* **Goal of the exercise**:
Please make an exact transcription of all the data that follows.

Entries provided Block Start

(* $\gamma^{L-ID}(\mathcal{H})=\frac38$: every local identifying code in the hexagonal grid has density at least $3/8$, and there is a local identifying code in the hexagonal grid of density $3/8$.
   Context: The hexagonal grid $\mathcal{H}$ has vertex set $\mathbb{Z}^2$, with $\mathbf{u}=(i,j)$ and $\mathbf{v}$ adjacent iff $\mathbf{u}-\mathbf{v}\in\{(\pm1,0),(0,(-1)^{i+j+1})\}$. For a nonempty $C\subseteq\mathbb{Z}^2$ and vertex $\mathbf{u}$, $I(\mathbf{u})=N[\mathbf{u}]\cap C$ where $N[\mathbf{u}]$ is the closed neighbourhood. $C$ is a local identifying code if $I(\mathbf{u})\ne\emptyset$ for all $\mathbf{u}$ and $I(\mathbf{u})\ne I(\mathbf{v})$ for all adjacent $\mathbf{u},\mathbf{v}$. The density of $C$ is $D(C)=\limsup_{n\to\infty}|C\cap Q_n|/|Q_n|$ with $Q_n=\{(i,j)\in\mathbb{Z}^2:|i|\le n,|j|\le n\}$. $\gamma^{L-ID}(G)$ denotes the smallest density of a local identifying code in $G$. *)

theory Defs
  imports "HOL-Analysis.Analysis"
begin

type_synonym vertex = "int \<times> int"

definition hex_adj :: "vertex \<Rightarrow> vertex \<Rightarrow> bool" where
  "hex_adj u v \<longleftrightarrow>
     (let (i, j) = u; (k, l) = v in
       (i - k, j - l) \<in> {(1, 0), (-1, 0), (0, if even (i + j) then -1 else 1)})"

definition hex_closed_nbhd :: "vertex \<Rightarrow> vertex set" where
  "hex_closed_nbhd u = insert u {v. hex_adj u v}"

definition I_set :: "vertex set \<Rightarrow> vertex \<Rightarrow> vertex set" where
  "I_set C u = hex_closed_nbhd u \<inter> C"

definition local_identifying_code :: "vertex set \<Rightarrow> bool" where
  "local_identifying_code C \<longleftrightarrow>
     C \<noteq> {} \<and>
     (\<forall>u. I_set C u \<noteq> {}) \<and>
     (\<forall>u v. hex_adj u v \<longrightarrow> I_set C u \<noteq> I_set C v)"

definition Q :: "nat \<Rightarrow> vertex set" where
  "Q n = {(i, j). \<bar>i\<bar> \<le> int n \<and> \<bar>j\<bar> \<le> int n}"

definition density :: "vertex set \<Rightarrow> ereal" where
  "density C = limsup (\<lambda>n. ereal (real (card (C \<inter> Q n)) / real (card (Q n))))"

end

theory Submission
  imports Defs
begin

Entries provided Block End

* **Solution to the exercise**:
(* $\gamma^{L-ID}(\mathcal{H})=\frac38$: every local identifying code in the hexagonal grid has density at least $3/8$, and there is a local identifying code in the hexagonal grid of density $3/8$.
   Context: The hexagonal grid $\mathcal{H}$ has vertex set $\mathbb{Z}^2$, with $\mathbf{u}=(i,j)$ and $\mathbf{v}$ adjacent iff $\mathbf{u}-\mathbf{v}\in\{(\pm1,0),(0,(-1)^{i+j+1})\}$. For a nonempty $C\subseteq\mathbb{Z}^2$ and vertex $\mathbf{u}$, $I(\mathbf{u})=N[\mathbf{u}]\cap C$ where $N[\mathbf{u}]$ is the closed neighbourhood. $C$ is a local identifying code if $I(\mathbf{u})\ne\emptyset$ for all $\mathbf{u}$ and $I(\mathbf{u})\ne I(\mathbf{v})$ for all adjacent $\mathbf{u},\mathbf{v}$. The density of $C$ is $D(C)=\limsup_{n\to\infty}|C\cap Q_n|/|Q_n|$ with $Q_n=\{(i,j)\in\mathbb{Z}^2:|i|\le n,|j|\le n\}$. $\gamma^{L-ID}(G)$ denotes the smallest density of a local identifying code in $G$. *)

theory Defs
  imports "HOL-Analysis.Analysis"
begin

type_synonym vertex = "int \<times> int"

definition hex_adj :: "vertex \<Rightarrow> vertex \<Rightarrow> bool" where
  "hex_adj u v \<longleftrightarrow>
     (let (i, j) = u; (k, l) = v in
       (i - k, j - l) \<in> {(1, 0), (-1, 0), (0, if even (i + j) then -1 else 1)})"

definition hex_closed_nbhd :: "vertex \<Rightarrow> vertex set" where
  "hex_closed_nbhd u = insert u {v. hex_adj u v}"

definition I_set :: "vertex set \<Rightarrow> vertex \<Rightarrow> vertex set" where
  "I_set C u = hex_closed_nbhd u \<inter> C"

definition local_identifying_code :: "vertex set \<Rightarrow> bool" where
  "local_identifying_code C \<longleftrightarrow>
     C \<noteq> {} \<and>
     (\<forall>u. I_set C u \<noteq> {}) \<and>
     (\<forall>u v. hex_adj u v \<longrightarrow> I_set C u \<noteq> I_set C v)"

definition Q :: "nat \<Rightarrow> vertex set" where
  "Q n = {(i, j). \<bar>i\<bar> \<le> int n \<and> \<bar>j\<bar> \<le> int n}"

definition density :: "vertex set \<Rightarrow> ereal" where
  "density C = limsup (\<lambda>n. ereal (real (card (C \<inter> Q n)) / real (card (Q n))))"

end

theory Submission
  imports Defs
begin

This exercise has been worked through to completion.